BEGIN

(* Let $(X,d)$ be a metric space of bounded geometry and let $f:X\times\mathbb{R}^N\to\mathbb{R}^N$ be a continuous map such that: (1) $f|_{X\times\{w\}}$ is 1-Lipschitz for every $w\in\mathbb{R}^N$; (2) $f|_{\{x\}\times\mathbb{R}^N}:\mathbb{R}^N\to\mathbb{R}^N$ is proper and essential for every $x\in X$; (3) there is a function $c(r)$ such that $\operatorname{diam}_d\big(f^{-1}(B_r(0))\cap(X\times\{w\})\big)\le c(r)$ for all $w\in\mathbb{R}^N$ and $r>0$. Then no expander admits a coarse quasi-embedding into $X$.
   Context: A proper map $g:\mathbb{R}^N\to\mathbb{R}^N$ is essential if it induces a nonzero map on $H^N_c(\mathbb{R}^N;\mathbb{Q})$ (nonzero degree). Finite graphs are identified with their vertex sets with the edge-length-1 path metric; for $A\subset X$, $\partial A=\{x:\operatorname{dist}(x,A)=1\}$. An expander (conductance $c>0$, degree $d$) is a sequence of finite $d$-regular graphs $\{X_n\}$ with $|X_n|\to\infty$ and $|\partial A|\ge c|A|$ for all $A\subset X_n$ with $|A|\le|X_n|/2$. A coarse quasi-embedding of $\{X_n\}$ into a metric space $X$ is a sequence of 1-Lipschitz maps $\xi_n:X_n\to X$ together with a function $\rho:\mathbb{R}_+^2\to\mathbb{R}_+$ with $\lim_{t\to\infty}\rho(r,t)/t=0$ for every $r$, such that $|\xi_n^{-1}(B_r(x))|<\rho(r,|X_n|)$ for all $n$, all $r$ and all $x\in X$. *)

theory Defs
  imports "HOL-Analysis.Analysis" "HOL-Homology.Homology"
begin

definition bounded_geometry :: "'a::metric_space set \<Rightarrow> bool" where
  "bounded_geometry X \<longleftrightarrow>
     (\<exists>\<epsilon>>0. \<forall>R>0. \<exists>N::nat. \<forall>x\<in>X. \<exists>C. finite C \<and> card C \<le> N \<and> C \<subseteq> X \<and>
        ball x R \<inter> X \<subseteq> (\<Union>c\<in>C. ball c \<epsilon>))"

text \<open>Essential proper map of R^N (N = CARD('n)): nonzero degree, expressed via the
  induced map on top relative homology at infinity
  H_N(R^N, R^N - cball 0 S) -> H_N(R^N, R^N - cball 0 R), where g^-1(cball 0 R) is
  contained in cball 0 S.\<close>
definition essential :: "(real^'n \<Rightarrow> real^'n) \<Rightarrow> bool" where
  "essential g \<longleftrightarrow>
     (\<exists>R S. R > 0 \<and> g -` cball 0 R \<subseteq> cball 0 S \<and>
        (\<exists>c \<in> carrier (relative_homology_group (int CARD('n)) euclidean (- cball 0 S)).
           hom_induced (int CARD('n)) euclidean (- cball 0 S) euclidean (- cball 0 R) g c
             \<noteq> \<one>\<^bsub>relative_homology_group (int CARD('n)) euclidean (- cball 0 R)\<^esub>))"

END

_Task instructions_
Would you set down exactly the lines from the line with "hom_induced (int CARD('n))" through the last one in the material?

_Solution for this task_
           hom_induced (int CARD('n)) euclidean (- cball 0 S) euclidean (- cball 0 R) g c
             \<noteq> \<one>\<^bsub>relative_homology_group (int CARD('n)) euclidean (- cball 0 R)\<^esub>))"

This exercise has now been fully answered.